根据文档,this example中提供的模型类似于以下文章: “Character-level Convolutional Networks for Text Classification”
我发现原始模型(在论文中提出)包含9层深,有6个卷积层和3个完全连接层,但实现的例子只包含两个卷积层:
with tf.variable_scope('CNN_Layer1'):
# Apply Convolution filtering on input sequence.
conv1 = tf.contrib.layers.convolution2d(
byte_list, N_FILTERS, FILTER_SHAPE1, padding='VALID')
# Add a RELU for non linearity.
conv1 = tf.nn.relu(conv1)
# Max pooling across output of Convolution+Relu.
pool1 = tf.nn.max_pool(
conv1,
ksize=[1, POOLING_WINDOW, 1, 1],
strides=[1, POOLING_STRIDE, 1, 1],
padding='SAME')
# Transpose matrix so that n_filters from convolution becomes width.
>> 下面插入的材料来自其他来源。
lemma gauss_legendre_node_in_interval:
  assumes gl: "gauss_legendre a b n s w" and "a < b" and k: "k \<in> {1..n}"
  shows "s k \<in> {a..b}"
proof (rule ccontr)
  assume out: "s k \<notin> {a..b}"
  define c :: real where "c = (if s k < a then 1 else -1)"
  define R where "R = smult c ([:-s k, 1:] * squared_node_poly n s k)"
  \<comment> \<open>\<open>R\<close> vanishes at all nodes but has constant sign on \<open>[a,b]\<close>, so the rule cannot integrate it.\<close>
  have "[:-s k, 1:] * squared_node_poly n s k \<noteq> 0"
    using squared_node_poly_nonzero by (metis mult_eq_0_iff pCons_eq_0_iff zero_neq_one)
  then have "R \<noteq> 0" unfolding R_def c_def smult_eq_0_iff by simp
  moreover have "\<forall>x\<in>{a..b}. poly R x \<ge> 0"
  proof
    fix x assume "x \<in> {a..b}"
    then have "c * (x - s k) \<ge> 0" using out by (auto simp: c_def)
    moreover have "poly R x = c * (x - s k) * poly (squared_node_poly n s k) x"
      by (simp add: R_def algebra_simps)
    ultimately show "poly R x \<ge> 0" by (simp add: squared_node_poly_nonneg)
  qed
  ultimately have "integral {a..b} (poly R) > 0" by (rule integral_poly_pos[OF assms(2)])
  moreover have "degree R \<le> 2 * n - 1"
  proof -
    have "degree R \<le> 1 + degree (squared_node_poly n s k)"
      unfolding R_def by (rule order_trans[OF degree_smult_le order_trans[OF degree_mult_le]]) simp
    then show ?thesis using degree_squared_node_poly[OF k, of s] k by auto
  qed
  then have "integral {a..b} (poly R) = (\<Sum>i = 1..n. w i * poly R (s i))"
    by (rule gauss_legendre_exact[OF gl])
  moreover have "poly R (s i) = 0" if "i \<in> {1..n}" for i
    using that by (cases "i = k") (auto simp: R_def squared_node_poly_at_node)
  ultimately show False by simp
qed

lemma gauss_legendre_weight_sum:
  assumes "gauss_legendre a b n s w" "a < b" "n \<ge> 1"
  shows "(\<Sum>k = 1..n. w k) = b - a"
proof -
  have "poly (1 :: real poly) = (\<lambda>_. 1)" by auto
  then show ?thesis using gauss_legendre_exact[OF assms(1), of 1] assms(2,3) by simp
qed

lemma gauss_legendre_error_le:
  assumes gl: "gauss_legendre a b n s w" and ab: "a < b" and n: "n \<ge> 1"
    and f: "continuous_on {a..b} f" and P: "degree P \<le> 2 * n - 1"
    and E: "\<forall>x\<in>{a..b}. \<bar>f x - poly P x\<bar> \<le> E"
  shows "\<bar>integral {a..b} f - (\<Sum>k = 1..n. w k * f (s k))\<bar> \<le> 2 * E * (b - a)"
proof -
  have intP: "poly P integrable_on {a..b}"
    by (intro integrable_continuous_real continuous_intros)
  have intf: "f integrable_on {a..b}" using f by (rule integrable_continuous_real)
  have "continuous_on {a..b} (\<lambda>x. f x - poly P x)" using f by (intro continuous_intros)
  moreover have "norm (f x - poly P x) \<le> E" if "x \<in> {a..b}" for x using E that by simp
  ultimately have "norm (integral {a..b} (\<lambda>x. f x - poly P x)) \<le> E * (b - a)"
    by (rule integral_bound[OF less_imp_le[OF ab]])
  then have "\<bar>integral {a..b} (\<lambda>x. f x - poly P x)\<bar> \<le> E * (b - a)" by simp
  moreover have "\<bar>\<Sum>k = 1..n. w k * (f (s k) - poly P (s k))\<bar> \<le> E * (b - a)"
  proof -
    have "\<bar>\<Sum>k = 1..n. w k * (f (s k) - poly P (s k))\<bar> \<le> (\<Sum>k = 1..n. w k * E)"
    proof (rule order_trans[OF sum_abs sum_mono])
      fix k assume k: "k \<in> {1..n}"
      then show "\<bar>w k * (f (s k) - poly P (s k))\<bar> \<le> w k * E"
        using gauss_legendre_weight_pos[OF gl ab k] E gauss_legendre_node_in_interval[OF gl ab k]
        by (simp add: abs_mult)
    qed
    also have "\<dots> = E * (b - a)"
      using gauss_legendre_weight_sum[OF gl ab n] by (simp add: sum_distrib_right[symmetric])
    finally show ?thesis .
  qed
  moreover have "integral {a..b} f - (\<Sum>k = 1..n. w k * f (s k))
      = integral {a..b} (\<lambda>x. f x - poly P x) - (\<Sum>k = 1..n. w k * (f (s k) - poly P (s k)))"
    by (simp add: integral_diff[OF intf intP] gauss_legendre_exact[OF gl P] right_diff_distrib
        sum_subtractf)
  ultimately show ?thesis by linarith
qed

lemma exp_powr_polynomial_approximation:
  assumes "0 < a" "a < b" "m > 0" "\<bar>g\<bar> \<le> 1" "t \<ge> 0"
  obtains P where "degree P < m"
    "\<forall>x\<in>{a..b}. \<bar>exp (-t*x) * x powr g - poly P x\<bar> \<le> 2 * a powr (g - real m) * ((b-a)/4)^m"
proof -
  have "\<forall>k<m. \<forall>x\<in>{a..b}. (exp_powr_deriv t g k has_real_derivative exp_powr_deriv t g (Suc k) x) (at x)"
    using assms(1) by (auto intro!: exp_powr_deriv_has_real_derivative)
  moreover have "\<forall>y\<in>{a..b}. \<bar>exp_powr_deriv t g m y\<bar> \<le> fact m * a powr (g - real m)"
  proof
    fix y assume y: "y \<in> {a..b}"
    have "\<bar>exp_powr_deriv t g m y\<bar> \<le> fact m * y powr (g - real m)"
      using y assms by (intro abs_exp_powr_deriv_le) auto
    also have "\<dots> \<le> fact m * a powr (g - real m)"
      using y assms by (intro mult_left_mono powr_mono2') auto
    finally show "\<bar>exp_powr_deriv t g m y\<bar> \<le> fact m * a powr (g - real m)" .
  qed
  ultimately obtain P where "degree P < m" "\<forall>x\<in>{a..b}. \<bar>exp_powr_deriv t g 0 x - poly P x\<bar>
      \<le> 2 * (fact m * a powr (g - real m)) / fact m * ((b-a)/4)^m"
    using chebyshev_interpolation_error[OF assms(2,3)] by blast
  then show ?thesis by (intro that) (auto simp: exp_powr_deriv_0)
qed

lemma four_less_error_constant:
  assumes "1 < \<beta>" "n > 1"
  shows "4 < 2 powr (\<beta> - 3/2) * pi * exp (1 / exp 1) ^ (2 * n)"
proof -
  have "sqrt 2 < 3/2"
    by (rule real_less_lsqrt) (auto simp: power2_eq_square)
  then have "2/3 < inverse (sqrt 2)" by (simp add: field_simps)
  also have "inverse (sqrt 2) = 2 powr (-1/2)"
    by (simp add: powr_minus powr_half_sqrt[symmetric])
  also have "\<dots> \<le> 2 powr (\<beta> - 3/2)"
    using assms by (intro powr_mono) auto
  finally have powr_gt: "2/3 < 2 powr (\<beta> - 3/2)" .
  have "4/3 \<le> 4 / exp (1::real)" using exp_le by (simp add: field_simps)
  then have "exp (4/3) \<le> exp (4 / exp (1::real))" by simp
  then have "2 < exp (4 / exp (1::real))"
    using exp_ge_add_one_self[of "4/3::real"] by linarith
  also have "exp (4 / exp 1) = exp (1 / exp (1::real)) ^ 4"
    using exp_of_nat_mult[of 4 "1 / exp (1::real)"] by simp
  also have "\<dots> \<le> exp (1 / exp 1) ^ (2 * n)"
    using assms by (intro power_increasing) auto
  finally have exp_gt: "2 < exp (1 / exp (1::real)) ^ (2 * n)" .
  have "(2/3) * 3 * 2 < 2 powr (\<beta> - 3/2) * pi * exp (1 / exp 1) ^ (2 * n)"
    using powr_gt exp_gt pi_gt3 by (intro mult_strict_mono) auto
  then show ?thesis by simp
qed

theorem lemma2p3:
  fixes j :: int and n :: nat and s w :: "nat \<Rightarrow> real" and a b \<beta> t :: real
  assumes "a = 2 powi j" and "b = 2 powi (j + 1)"
    and "n > 1"
    and "gauss_legendre a b n s w"
    and "1 < \<beta>" and "\<beta> < 2"
    and "t > 0"
  shows "\<bar>integral {a..b} (\<lambda>x. exp (- t * x) * x powr (\<beta> - 1))
            - (\<Sum>k = 1..n. w k * s k powr (\<beta> - 1) * exp (- s k * t))\<bar>
         < 2 powr (\<beta> - 3/2) * pi * a powr \<beta> * (exp (1 / exp 1) / 4) ^ (2 * n)"
proof -
  define g where "g = \<beta> - 1"
  define E where "E = 2 * a powr (g - real (2*n)) * ((b-a)/4)^(2*n)"
  have a: "a > 0" and b: "b = 2 * a" using assms(1,2) by (simp_all add: power_int_add)
  obtain P where P: "degree P < 2 * n" "\<forall>x\<in>{a..b}. \<bar>exp (-t*x) * x powr g - poly P x\<bar> \<le> E"
    using exp_powr_polynomial_approximation[of a b "2*n" g t] a b assms(3,5,6,7)
    unfolding E_def g_def by auto
  have "continuous_on {a..b} (\<lambda>x. exp (-t*x) * x powr g)"
    using a by (intro continuous_intros) auto
  from gauss_legendre_error_le[OF assms(4) _ _ this _ P(2)] a b assms(3) P(1)
  have "\<bar>integral {a..b} (\<lambda>x. exp (-t*x) * x powr g) - (\<Sum>k = 1..n. w k * (exp (-t * s k) * s k powr g))\<bar>
      \<le> 2 * E * (b - a)" by auto
  also have "2 * E * (b - a) = 4 * (a powr (g - real (2*n)) * a^(2*n) * a) / 16^n"
    unfolding E_def b by (simp add: power_divide power_mult)
  also have "\<dots> = 4 * a powr \<beta> / 16^n"
    using a powr_add[of a g 1] powr_realpow[OF a, of "2*n"] by (simp add: powr_diff g_def)
  also have "\<dots> < 2 powr (\<beta> - 3/2) * pi * a powr \<beta> * (exp (1 / exp 1) / 4) ^ (2 * n)"
    using four_less_error_constant[OF assms(5,3)] a
    by (simp add: power_divide power_mult divide_strict_right_mono)
  finally show ?thesis by (simp add: g_def mult_ac)
qed

end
pool1 = tf.transpose(pool1, [0, 1, 3, 2])
with tf.variable_scope('CNN_Layer2'):
# Second level of convolution filtering.
conv2 = tf.contrib.layers.convolution2d(
pool1, N_FILTERS, FILTER_SHAPE2, padding='VALID')
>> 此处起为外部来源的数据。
(* Let $A\in\mathbb{C}^{n\times n}$, and fix $A^-\in A\{1\}$ and $A^{GD}\in A\{GD\}$. Then $A^{GD}AA^{-}$ is the $(A^{GD}A,\,AA^{-})$-inverse of $A$.
   Context: For $A\in\mathbb{C}^{n\times n}$, $ind(A)$ is the smallest nonnegative integer $k$ with $\mathrm{rank}(A^k)=\mathrm{rank}(A^{k+1})$. $A\{1\}$ is the set of matrices $X$ with $AXA=A$. With $k=ind(A)$, $A\{GD\}$ is the set of G-Drazin inverses of $A$: matrices $X$ with $AXA=A$, $XA^{k+1}=A^k$, $A^{k+1}X=A^k$. For $A,B,C\in\mathbb{C}^{n\times n}$, a matrix $X\in\mathbb{C}^{n\times n}$ is the $(B,C)$-inverse of $A$ if $XAB=B$, $CAX=C$, $N(C)\subseteq N(X)$ and $R(X)\subseteq R(B)$ (such $X$, if it exists, is unique); $R(\cdot)$, $N(\cdot)$ denote range and null space. *)

theory Defs
  imports "HOL-Analysis.Analysis"
begin

primrec mpow :: "'a::comm_ring_1^'n^'n \<Rightarrow> nat \<Rightarrow> 'a^'n^'n" where
  "mpow A 0 = mat 1"
| "mpow A (Suc k) = A ** mpow A k"

definition ind :: "complex^'n^'n \<Rightarrow> nat" where
  "ind A = (LEAST k. rank (mpow A k) = rank (mpow A (Suc k)))"

definition mrange :: "complex^'n^'n \<Rightarrow> (complex^'n) set" where
  "mrange A = range (\<lambda>x. A *v x)"

definition mnull :: "complex^'n^'n \<Rightarrow> (complex^'n) set" where
  "mnull A = {x. A *v x = 0}"

definition inner1 :: "complex^'n^'n \<Rightarrow> (complex^'n^'n) set" where
  "inner1 A = {X. A ** X ** A = A}"

definition GD_inverses :: "complex^'n^'n \<Rightarrow> (complex^'n^'n) set" where
  "GD_inverses A = {X. A ** X ** A = A
      \<and> X ** mpow A (Suc (ind A)) = mpow A (ind A)
      \<and> mpow A (Suc (ind A)) ** X = mpow A (ind A)}"

definition is_BC_inverse :: "complex^'n^'n \<Rightarrow> complex^'n^'n \<Rightarrow> complex^'n^'n \<Rightarrow> complex^'n^'n \<Rightarrow> bool" where
  "is_BC_inverse A B C X \<longleftrightarrow> X ** A ** B = B \<and> C ** A ** X = C
      \<and> mnull C \<subseteq> mnull X \<and> mrange X \<subseteq> mrange B"

end

theory Submission
  imports Defs
begin

(* For any two inner inverses G, M of A the
   two equations collapse to AGA = A and AMA = A after reassociation, and the factorisations
   GAM = G(AM) = (GA)M give the null space and range inclusions. *)

lemma mnull_subset_mnull_mult: "mnull B \<subseteq> mnull (C ** B)"
  unfolding mnull_def by (auto simp: matrix_vector_mul_assoc[symmetric])

lemma mrange_mult_subset_mrange: "mrange (B ** C) \<subseteq> mrange B"
  unfolding mrange_def by (auto simp: matrix_vector_mul_assoc[symmetric])

lemma GD_inverses_subset_inner1: "GD_inverses A \<subseteq> inner1 A"
  unfolding GD_inverses_def inner1_def by blast

lemma is_BC_inverse_inner1_product:
  assumes G: "G \<in> inner1 A" and M: "M \<in> inner1 A"
  shows "is_BC_inverse A (G ** A) (A ** M) (G ** A ** M)"
proof -
  have AGA: "A ** G ** A = A" and AMA: "A ** M ** A = A"
    using G M by (simp_all add: inner1_def)
  have "G ** A ** M ** A ** (G ** A) = G ** A"
    by (metis AMA AGA matrix_mul_assoc)
  moreover have "A ** M ** A ** (G ** A ** M) = A ** M"
    by (metis AMA AGA matrix_mul_assoc)
  moreover have "mnull (A ** M) \<subseteq> mnull (G ** A ** M)"
    using mnull_subset_mnull_mult[of "A ** M" G] by (simp add: matrix_mul_assoc)
  moreover have "mrange (G ** A ** M) \<subseteq> mrange (G ** A)"
    by (rule mrange_mult_subset_mrange)
  ultimately show ?thesis
    unfolding is_BC_inverse_def by simp
qed

theorem theorem2p10:
  fixes A Am Agd :: "complex^'n^'n"
  assumes "Am \<in> inner1 A" and "Agd \<in> GD_inverses A"
  shows "is_BC_inverse A (Agd ** A) (A ** Am) (Agd ** A ** Am)"
  using assms GD_inverses_subset_inner1 by (blast intro: is_BC_inverse_inner1_product)

end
# Max across each filter to get useful features for classification.
pool2 = tf.squeeze(tf.reduce_max(conv2, 1), squeeze_dims=[1])
如果有人可以帮我扩展这个模型以获得更多图层?
答案 0 :(得分:0)
与BVLC Caffenet相似:
def bvlc_caffenet(imgs,weights,biases): #mean减法 mean = tf.constant([123.68,116.779,103.939],dtype = tf.float32,shape = [1,1,1,3],name =' img_mean') images = imgs-mean
#CONV1 conv1 = tf.nn.conv2d(图像,权重[' c1'],[1,3,3,1],填充='有效') out1 = tf.nn.relu(tf.nn.bias_add(conv1,biases [' b1'])) pool1 = tf.nn.max_pool(out1,ksize = [1,3,3,1],strides = [1,2,2,1],padding =' VALID')
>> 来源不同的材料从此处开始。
(* Let $T$ be a chain all of whose entries lie in $\{1,2\}$, which contains the chain $[212]$, and which is not equal to $[212]$ itself. Then $\mathcal{Z}(T)\le\tfrac13$.
   Context: A chain is a finite sequence $T=[a_1a_2\dots a_n]$ of positive integers ($n\ge1$). For a chain $S=[s_1\dots s_m]$ write $\rho_S=[0;s_1,\dots,s_m]$ (with $\rho_\emptyset=0$ for the empty chain), and $[s_1;s_2,\dots,s_m]$ for the finite continued fraction, which equals $1/\rho_S$. Define $\mathcal{Z}(T)=\big(\max_{1\le i\le n}([a_i;a_{i+1},\dots,a_n]+[0;a_{i-1},\dots,a_1])\big)^{-1}$, where for $i=1$ the second summand is $0$. A chain contains the chain $[c_1\dots c_k]$ if it has consecutive entries $c_1,\dots,c_k$. *)

theory Defs
  imports Complex_Main
begin

text \<open>Chains are lists of positive integers (as natural numbers).
  rho S = [0; s_1, ..., s_m], with rho [] = 0.\<close>

fun rho :: "nat list \<Rightarrow> real" where
  "rho [] = 0"
| "rho (s # ss) = 1 / (real s + rho ss)"

fun cf :: "nat list \<Rightarrow> real" where
  "cf [] = 0"
| "cf (s # ss) = real s + rho ss"

definition is_chain :: "nat list \<Rightarrow> bool" where
  "is_chain T \<longleftrightarrow> T \<noteq> [] \<and> (\<forall>a\<in>set T. 0 < a)"

text \<open>For 1-based index i, the term [a_i; a_{i+1},...,a_n] + [0; a_{i-1},...,a_1].
  With 0-based k = i - 1: cf (drop k T) + rho (rev (take k T)).\<close>
definition Zval :: "nat list \<Rightarrow> real" where
  "Zval T = inverse (Max {cf (drop k T) + rho (rev (take k T)) | k. k < length T})"

definition contains :: "nat list \<Rightarrow> nat list \<Rightarrow> bool" where
  "contains T C \<longleftrightarrow> (\<exists>u v. T = u @ C @ v)"

end

theory Submission
  imports Defs
begin

text \<open>Around an occurrence \<open>u @ [2,1,2] @ v\<close>, look at the position of the last \<open>2\<close> if \<open>v\<close> is
  nonempty, and of the first \<open>2\<close> otherwise (then \<open>u\<close> is nonempty). The summand there is
  \<open>2 + [0;1,2,\<dots>] + [0;w]\<close> for a nonempty chain \<open>w\<close> with entries in \<open>{1,2}\<close>; since
  \<open>[0;1,2,\<dots>] \<ge> 2/3\<close> and \<open>[0;w] \<ge> 1/3\<close>, the maximum is at least \<open>3\<close>.\<close>

lemma rho_nonneg: "0 \<le> rho w"
  by (induction w) auto

lemma rho_le_1:
  assumes "\<forall>a\<in>set w. 0 < a"
  shows "rho w \<le> 1"
proof (cases w)
  case (Cons a w')
  with assms have "1 \<le> real a + rho w'"
    using rho_nonneg[of w'] by auto
  then show ?thesis
    using Cons by (simp add: field_simps)
qed simp

lemma rho_ge_inverse_bound:
  assumes "w \<noteq> []" and "\<forall>a\<in>set w. 0 < a \<and> a \<le> m"
  shows "1 / (real m + 1) \<le> rho w"
proof -
  obtain a w' where w: "w = a # w'"
    using assms(1) by (cases w) auto
  have "0 < real a + rho w'"
    using assms(2) w rho_nonneg[of w'] by auto
  moreover have "real a + rho w' \<le> real m + 1"
    using assms(2) w rho_le_1[of w'] by auto
  ultimately show ?thesis
    using w by (simp add: frac_le)
qed

lemma rho_one_two_ge: "2 / 3 \<le> rho (1 # 2 # w)"
proof -
  define y where "y = rho (2 # w)"
  have "y \<le> 1 / 2" and "0 \<le> y"
    unfolding y_def using rho_nonneg[of w] by (simp_all add: field_simps)
  then have "2 / 3 \<le> 1 / (1 + y)"
    by (simp add: field_simps)
  then show ?thesis
    unfolding y_def by simp
qed

lemma Zval_le_inverse:
  assumes "k < length T" and "0 < c"
    and "c \<le> cf (drop k T) + rho (rev (take k T))"
  shows "Zval T \<le> inverse c"
proof -
  define S where "S = {cf (drop k T) + rho (rev (take k T)) | k. k < length T}"
  have "finite S"
    unfolding S_def by simp
  moreover have "cf (drop k T) + rho (rev (take k T)) \<in> S"
    unfolding S_def using assms(1) by blast
  ultimately have "c \<le> Max S"
    using assms(3) Max_ge order_trans by blast
  then have "inverse (Max S) \<le> inverse c"
    using assms(2) by (rule le_imp_inverse_le)
  then show ?thesis
    unfolding Zval_def S_def .
qed

theorem lemma3p2:
  fixes T :: "nat list"
  assumes "is_chain T"
    and "\<forall>a\<in>set T. a \<in> {1, 2}"
    and "contains T [2, 1, 2]"
    and "T \<noteq> [2, 1, 2]"
  shows "Zval T \<le> 1 / 3"
proof -
  obtain u v where T: "T = u @ [2, 1, 2] @ v"
    using assms(3) unfolding contains_def by blast
  have "\<forall>a\<in>set T. 0 < a \<and> a \<le> 2"
    using assms(2) by auto
  then have entries: "\<forall>a\<in>set (rev u) \<union> set v. 0 < a \<and> a \<le> 2"
    using T by simp
  have "Zval T \<le> inverse 3"
  proof (cases "v = []")
    case True
    with T assms(4) have "rev u \<noteq> []" by auto
    then have "1 / 3 \<le> rho (rev u)"
      using rho_ge_inverse_bound[of "rev u" 2] entries by auto
    moreover have "drop (length u) T = [2, 1, 2]" and "take (length u) T = u"
      using T True by simp_all
    ultimately have "3 \<le> cf (drop (length u) T) + rho (rev (take (length u) T))"
      using rho_one_two_ge[of "[]"] by simp
    then show ?thesis
      using T by (intro Zval_le_inverse[of "length u"]) simp_all
  next
    case False
    then have "1 / 3 \<le> rho v"
      using rho_ge_inverse_bound[of v 2] entries by auto
    moreover have "drop (length u + 2) T = 2 # v" and "take (length u + 2) T = u @ [2, 1]"
      using T by simp_all
    ultimately have "3 \<le> cf (drop (length u + 2) T) + rho (rev (take (length u + 2) T))"
      using rho_one_two_ge[of "rev u"] by simp
    then show ?thesis
      using T by (intro Zval_le_inverse[of "length u + 2"]) simp_all
  qed
  then show ?thesis
    by (simp add: inverse_eq_divide)
qed

end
#CONV2 conv2 = tf.nn.conv2d(pool1,weight [' c2'],[1,1,1,1],padding =' VALID') out2 = tf.nn.relu(tf.nn.bias_add(conv2,偏见[' b2'])) pool2 = tf.nn.max_pool(out2,ksize = [1,3,3,1],strides = [1,2,2,1],padding =' VALID')
#conv3 conv3 = tf.nn.conv2d(pool2,权重[' c3'],[1,1,1,1],padding =' VALID') out3 = tf.nn.relu(tf.nn.bias_add(conv3,偏见[' b3']))
#CONV4 conv4 = tf.nn.conv2d(out3,权重[' c4'],[1,1,1,1],填充='有效') out4 = tf.nn.relu(tf.nn.bias_add(conv4,偏见[' b4']))
#conv5 conv5 = tf.nn.conv2d(out4,权重[' c5'],[1,1,1,1],填充='有效') out5 = tf.nn.relu(tf.nn.bias_add(conv5,偏见[' b5'])) pool5 = tf.nn.max_pool(out5,ksize = [1,3,3,1],strides = [1,2,2,1],padding =' VALID')
#flattening shape = int(np.prod(pool5.get_shape()[1:])) pool5_flat = tf.reshape(pool5,[ - 1,shape])
#FC6 fc6 = tf.matmul(pool5_flat,权重[' f6']) out6 = tf.nn.relu(tf.nn.bias_add(fc6,偏见[' b6'])) out6 = tf.nn.dropout(out6,0.5)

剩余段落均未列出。